Your instructions: The lines to repeat are those below from the one containing "a = d0 + e. Comparing" down to the one containing "1 z = (real", both included; reproduce them exactly and nothing else.

Given records:
(* Let $n\ge q\ge 2$ be integers and put $S_1=\sqrt{q^2+4(q-1)(n-2)}$. Let $d$ be an integer and define $j$ by $d=n-1-\frac{n-2+j}{q}$ (so $j=q(n-1-d)-n+2$), and assume $j\in\left[0,\frac{S_1-q}{2}\right)$. Put $s=1-\frac{2d}{n}$, $d_0=n-\frac{j(n-1)}{q(j+q-1)}$, and let $e$ be the unique rational number in $(0,1]$ such that $d_0+e$ is an integer. Define $$f(t)=\Big(t+1+\tfrac{2e}{n}-\tfrac{2j(n-1)}{nq(j+q-1)}\Big)\Big(t+1+\tfrac{2(e-1)}{n}-\tfrac{2j(n-1)}{nq(j+q-1)}\Big)(t-s),$$ and write its Krawtchouk expansion as $f(t)=f_0+f_1Q_1^{(n,q)}(t)+f_2Q_2^{(n,q)}(t)+f_3Q_3^{(n,q)}(t)$. Then $f_1>0$.
   Context: For integers $n,q$ and $0\le i\le n$, the Krawtchouk polynomial is $K_i^{(n,q)}(z)=\sum_{l=0}^{i}(-1)^l(q-1)^{i-l}\binom{z}{l}\binom{n-z}{i-l}$, and the normalized Krawtchouk polynomial is $Q_i^{(n,q)}(t)=\frac{1}{r_i}K_i^{(n,q)}\!\big(\tfrac{n(1-t)}{2}\big)$ with $r_i=(q-1)^i\binom{n}{i}$; every real polynomial of degree $m\le n$ in $t$ has a unique expansion $\sum_{i=0}^m f_iQ_i^{(n,q)}(t)$. *)

theory Defs
  imports Complex_Main
begin

definition krawtchouk :: "nat \<Rightarrow> nat \<Rightarrow> nat \<Rightarrow> real \<Rightarrow> real" where
  "krawtchouk n q i z =
     (\<Sum>l = 0..i. (-1) ^ l * (real q - 1) ^ (i - l) * (z gchoose l) * ((real n - z) gchoose (i - l)))"

definition norm_krawtchouk :: "nat \<Rightarrow> nat \<Rightarrow> nat \<Rightarrow> real \<Rightarrow> real" where
  "norm_krawtchouk n q i t =
     krawtchouk n q i (real n * (1 - t) / 2) / ((real q - 1) ^ i * real (n choose i))"

end

theory Submission
  imports Defs
begin

text \<open>In the variable z = n(1 - t)/2 the cubic f is w (a - z) (a - 1 - z) (d - z) with w = 8/n^3 and
  a = d0 + e. Comparing the coefficients of z^3, z^2, z with those of K_3, K_2, K_1 solves a triangular
  system, and f_1 turns out to be a positive multiple of the quadratic
  S^2 - (q + 2j) S + 2j + (q - 1)(3n - 2) in S = n + q(a - n). The bound on j makes its discriminant
  negative, so f_1 > 0 whatever a is.\<close>

lemma gbinomial_2: "(a :: 'a :: field_char_0) gchoose 2 = a * (a - 1) / 2"
  by (simp add: gbinomial_prod_rev numeral_eq_Suc)

lemma gbinomial_3: "(a :: 'a :: field_char_0) gchoose 3 = a * (a - 1) * (a - 2) / 6"
  by (simp add: gbinomial_prod_rev numeral_eq_Suc)

lemma krawtchouk_1: "krawtchouk n q 1 z = (real q - 1) * real n - real q * z"
  by (simp add: krawtchouk_def algebra_simps)

lemma krawtchouk_2: "krawtchouk n q 2 z =
   real q ^ 2 / 2 * z ^ 2 - ((real q - 1) ^ 2 * (2 * real n - 1) / 2 + (real q - 1) * real n + 1 / 2) * z
   + (real q - 1) ^ 2 * real n * (real n - 1) / 2"
  by (simp add: krawtchouk_def numeral_eq_Suc gbinomial_2[unfolded numeral_2_eq_2] power2_eq_square field_simps)

lemma krawtchouk_3: "krawtchouk n q 3 z =
   - (real q ^ 3 / 6 * z ^ 3)
   + ((real q - 1) ^ 3 * (real n - 1) / 2 + (real q - 1) ^ 2 * (2 * real n - 1) / 2 + (real q - 1) * (real n + 1) / 2 + 1 / 2) * z ^ 2
   + ((real q - 1) ^ 3 * (6 * real n - 3 * real n ^ 2 - 2) / 6 - (real q - 1) ^ 2 * real n * (real n - 1) / 2
      - (real q - 1) * real n / 2 - 1 / 3) * z
   + (real q - 1) ^ 3 * real n * (real n - 1) * (real n - 2) / 6"
  by (simp add: krawtchouk_def numeral_eq_Suc gbinomial_2[unfolded numeral_2_eq_2]
      gbinomial_3[unfolded numeral_3_eq_3] power2_eq_square power3_eq_cube field_simps)

lemma norm_krawtchouk_affine:
  assumes "n > 0"
  shows "norm_krawtchouk n q i (1 - 2 * z / real n) = krawtchouk n q i z / ((real q - 1) ^ i * real (n choose i))"
  using assms by (simp add: norm_krawtchouk_def)

lemma cubic_coeffs_eq_0:
  fixes c0 c1 c2 c3 :: real
  assumes "\<And>z. c0 + c1 * z + c2 * z ^ 2 + c3 * z ^ 3 = 0"
  shows "c0 = 0" "c1 = 0" "c2 = 0" "c3 = 0"
proof -
  have "c0 = 0" "c0 + c1 + c2 + c3 = 0" "c0 - c1 + c2 - c3 = 0" "c0 + 2 * c1 + 4 * c2 + 8 * c3 = 0"
    using assms[of 0] assms[of 1] assms[of "-1"] assms[of 2] by simp_all
  then show "c0 = 0" "c1 = 0" "c2 = 0" "c3 = 0" by linarith+
qed

lemma krawtchouk_coeff1_consecutive_roots:
  fixes a c w g0 g1 g2 g3 :: real
  assumes q: "q > 0"
    and expansion: "\<And>z. w * (a - z) * (a - 1 - z) * (c - z) =
      g0 + g1 * krawtchouk n q 1 z + g2 * krawtchouk n q 2 z + g3 * krawtchouk n q 3 z"
  defines "S \<equiv> real n + real q * (a - real n)"
    and "J \<equiv> real q * (real n - 1 - c) - real n + 2"
  shows "g1 = w / real q ^ 3 * (S\<^sup>2 - (real q + 2 * J) * S + 2 * J + (real q - 1) * (3 * real n - 2))"
proof -
  define N Q where "N = real n" and "Q = real q"
  have Q0: "Q \<noteq> 0" using q unfolding Q_def by simp
  txt \<open>k_ij is, up to sign, the coefficient of z^j in K_i.\<close>
  define k20 k21 where "k20 = (Q - 1) ^ 2 * N * (N - 1) / 2"
    and "k21 = (Q - 1) ^ 2 * (2 * N - 1) / 2 + (Q - 1) * N + 1 / 2"
  define k30 k31 k32 where "k30 = (Q - 1) ^ 3 * N * (N - 1) * (N - 2) / 6"
    and "k31 = (Q - 1) ^ 3 * (6 * N - 3 * N ^ 2 - 2) / 6 - (Q - 1) ^ 2 * N * (N - 1) / 2 - (Q - 1) * N / 2 - 1 / 3"
    and "k32 = (Q - 1) ^ 3 * (N - 1) / 2 + (Q - 1) ^ 2 * (2 * N - 1) / 2 + (Q - 1) * (N + 1) / 2 + 1 / 2"
  have "(w * a * (a - 1) * c - g0 - g1 * (Q - 1) * N - g2 * k20 - g3 * k30)
      + (g1 * Q + g2 * k21 - g3 * k31 - w * (a * (a - 1) + a * c + (a - 1) * c)) * z
      + (w * (2 * a - 1 + c) - g2 * Q ^ 2 / 2 - g3 * k32) * z ^ 2
      + (g3 * Q ^ 3 / 6 - w) * z ^ 3 = 0" for z
    using expansion[of z]
    unfolding krawtchouk_1 krawtchouk_2 krawtchouk_3 N_def[symmetric] Q_def[symmetric]
      k20_def k21_def k30_def k31_def k32_def
    by (simp add: algebra_simps power2_eq_square power3_eq_cube)
  note coeffs = cubic_coeffs_eq_0[OF this]
  have g3: "Q ^ 3 * g3 = 6 * w" using coeffs(4) by (simp add: algebra_simps)
  have g2: "Q ^ 2 * g2 = 2 * (w * (2 * a - 1 + c) - g3 * k32)" using coeffs(3) by (simp add: algebra_simps)
  have g1: "Q * g1 = w * (a * (a - 1) + a * c + (a - 1) * c) - g2 * k21 + g3 * k31" using coeffs(2) by (simp add: algebra_simps)
  have "Q ^ 3 * (Q ^ 3 * g1) = Q ^ 5 * (Q * g1)"
    by (simp add: eval_nat_numeral)
  also have "\<dots> = Q ^ 5 * w * (a * (a - 1) + a * c + (a - 1) * c) - Q ^ 3 * k21 * (Q ^ 2 * g2)
      + Q ^ 2 * k31 * (Q ^ 3 * g3)"
    unfolding g1 by (simp add: algebra_simps eval_nat_numeral)
  also have "\<dots> = Q ^ 5 * w * (a * (a - 1) + a * c + (a - 1) * c)
      - 2 * Q ^ 3 * k21 * w * (2 * a - 1 + c) + (2 * k21 * k32 + Q ^ 2 * k31) * (Q ^ 3 * g3)"
    unfolding g2 by (simp add: algebra_simps eval_nat_numeral)
  also have "\<dots> = Q ^ 3 * (w * (S\<^sup>2 - (Q + 2 * J) * S + 2 * J + (Q - 1) * (3 * N - 2)))"
    unfolding g3 S_def J_def N_def[symmetric] Q_def[symmetric] k21_def k31_def k32_def
    by (simp add: field_simps eval_nat_numeral)
  finally have "Q ^ 3 * g1 = w * (S\<^sup>2 - (Q + 2 * J) * S + 2 * J + (Q - 1) * (3 * N - 2))"
    using Q0 by (metis mult_left_cancel power_not_zero)
  then show ?thesis
    using Q0 unfolding N_def Q_def by (simp add: field_simps)
qed

lemma quadratic_pos_of_discriminant_neg:
  fixes b c x :: real
  assumes "b\<^sup>2 < 4 * c"
  shows "0 < x\<^sup>2 - b * x + c"
proof -
  have "4 * (x\<^sup>2 - b * x + c) = (2 * x - b)\<^sup>2 + (4 * c - b\<^sup>2)"
    by (simp add: algebra_simps power2_eq_square)
  also have "\<dots> > 0"
    using assms by (intro add_nonneg_pos) auto
  finally show ?thesis by simp
qed

lemma quadratic_pos_of_sqrt_bound:
  fixes N Q J S :: real
  assumes "2 \<le> Q" "Q \<le> N" "0 \<le> J" "2 * J + Q < sqrt (Q\<^sup>2 + 4 * (Q - 1) * (N - 2))"
  shows "0 < S\<^sup>2 - (Q + 2 * J) * S + (2 * J + (Q - 1) * (3 * N - 2))"
proof (rule quadratic_pos_of_discriminant_neg)
  have "(2 * J + Q)\<^sup>2 < (sqrt (Q\<^sup>2 + 4 * (Q - 1) * (N - 2)))\<^sup>2"
    using assms by (intro power_strict_mono) auto
  also have "\<dots> = Q\<^sup>2 + 4 * (Q - 1) * (N - 2)"
    using assms(1,2) by simp
  also have "\<dots> \<le> 4 * (2 * J + (Q - 1) * (3 * N - 2))"
  proof -
    have "Q * Q \<le> 4 * ((Q - 1) * Q)" using assms(1) by (simp add: algebra_simps)
    also have "\<dots> \<le> 4 * ((Q - 1) * N)" using assms(1,2) by (simp add: mult_left_mono)
    finally show ?thesis
      using assms(3) by (simp add: algebra_simps power2_eq_square) (use zero_le_square[of Q] in linarith)
  qed
  finally show "(Q + 2 * J)\<^sup>2 < 4 * (2 * J + (Q - 1) * (3 * N - 2))"
    by (simp add: add.commute)
qed

theorem lemma2:
  fixes n q :: nat and d j :: int and S1 s d0 e f0 f1 f2 f3 :: real and f :: "real \<Rightarrow> real"
  assumes nq: "n \<ge> q" "q \<ge> 2"
    and S1_def: "S1 = sqrt (real q ^ 2 + 4 * (real q - 1) * (real n - 2))"
    and j_def: "j = int q * (int n - 1 - d) - int n + 2"
    and j_range: "0 \<le> j" "real_of_int j < (S1 - real q) / 2"
    and s_def: "s = 1 - 2 * real_of_int d / real n"
    and d0_def: "d0 = real n - real_of_int j * (real n - 1) / (real q * (real_of_int j + real q - 1))"
    and e_rat: "e \<in> \<rat>" and e_pos: "0 < e" and e_le: "e \<le> 1" and e_int: "d0 + e \<in> \<int>"
    and f_def: "\<And>t. f t =
        (t + 1 + 2 * e / real n - 2 * real_of_int j * (real n - 1) / (real n * real q * (real_of_int j + real q - 1)))
      * (t + 1 + 2 * (e - 1) / real n - 2 * real_of_int j * (real n - 1) / (real n * real q * (real_of_int j + real q - 1)))
      * (t - s)"
    and expansion: "\<And>t. f t = f0 + f1 * norm_krawtchouk n q 1 t + f2 * norm_krawtchouk n q 2 t
                              + f3 * norm_krawtchouk n q 3 t"
  shows "f1 > 0"
proof -
  define N Q J D where "N = real n" and "Q = real q" and "J = real_of_int j" and "D = real_of_int d"
  define w a where "w = 8 / N ^ 3" and "a = d0 + e"
  have q0: "q > 0" and N2: "N \<ge> 2" and Q2: "Q \<ge> 2" and NQ: "Q \<le> N" and J0: "J \<ge> 0"
    using nq j_range unfolding N_def Q_def J_def by simp_all
  have f_z: "f (1 - 2 * z / N) = w * (a - z) * (a - 1 - z) * (D - z)" for z
  proof -
    have "2 * real_of_int j * (real n - 1) / (real n * real q * (real_of_int j + real q - 1)) = 2 * (N - d0) / N"
      unfolding d0_def N_def by (simp add: divide_divide_eq_left mult.assoc mult.left_commute)
    then have "f (1 - 2 * z / N) = (2 - 2 * z / N + 2 * e / N - 2 * (N - d0) / N)
        * (2 - 2 * z / N + 2 * (e - 1) / N - 2 * (N - d0) / N) * (1 - 2 * z / N - s)"
      unfolding f_def N_def by simp
    also have "\<dots> = w * (a - z) * (a - 1 - z) * (D - z)"
      unfolding s_def w_def a_def N_def[symmetric] D_def[symmetric]
      using N2 by (simp add: field_simps power3_eq_cube)
    finally show ?thesis .
  qed
  have expansion_z: "w * (a - z) * (a - 1 - z) * (D - z) =
      f0 + f1 / ((Q - 1) * N) * krawtchouk n q 1 z + f2 / ((Q - 1) ^ 2 * real (n choose 2)) * krawtchouk n q 2 z
      + f3 / ((Q - 1) ^ 3 * real (n choose 3)) * krawtchouk n q 3 z" for z
    using expansion[of "1 - 2 * z / N"] f_z[of z] nq unfolding N_def Q_def by (simp add: norm_krawtchouk_affine)
  have JD: "J = Q * (N - 1 - D) - N + 2" using j_def unfolding J_def Q_def N_def D_def by simp
  define S where "S = N + Q * (a - N)"
  have "f1 / ((Q - 1) * N) = w / Q ^ 3 * (S\<^sup>2 - (Q + 2 * J) * S + 2 * J + (Q - 1) * (3 * N - 2))"
    using krawtchouk_coeff1_consecutive_roots[OF q0 expansion_z] unfolding S_def JD N_def Q_def by simp
  also have "\<dots> > 0"
    using quadratic_pos_of_sqrt_bound[OF Q2 NQ J0, of S] j_range(2) N2 Q2
    unfolding S1_def w_def N_def Q_def J_def by (simp add: add.assoc)
  finally have "0 < f1 / ((Q - 1) * N)" .
  moreover have "0 < (Q - 1) * N" using N2 Q2 by simp
  ultimately show ?thesis by (simp add: zero_less_divide_iff)
qed

end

The completed task:
  a = d0 + e. Comparing the coefficients of z^3, z^2, z with those of K_3, K_2, K_1 solves a triangular
  system, and f_1 turns out to be a positive multiple of the quadratic
  S^2 - (q + 2j) S + 2j + (q - 1)(3n - 2) in S = n + q(a - n). The bound on j makes its discriminant
  negative, so f_1 > 0 whatever a is.\<close>

lemma gbinomial_2: "(a :: 'a :: field_char_0) gchoose 2 = a * (a - 1) / 2"
  by (simp add: gbinomial_prod_rev numeral_eq_Suc)

lemma gbinomial_3: "(a :: 'a :: field_char_0) gchoose 3 = a * (a - 1) * (a - 2) / 6"
  by (simp add: gbinomial_prod_rev numeral_eq_Suc)

lemma krawtchouk_1: "krawtchouk n q 1 z = (real q - 1) * real n - real q * z"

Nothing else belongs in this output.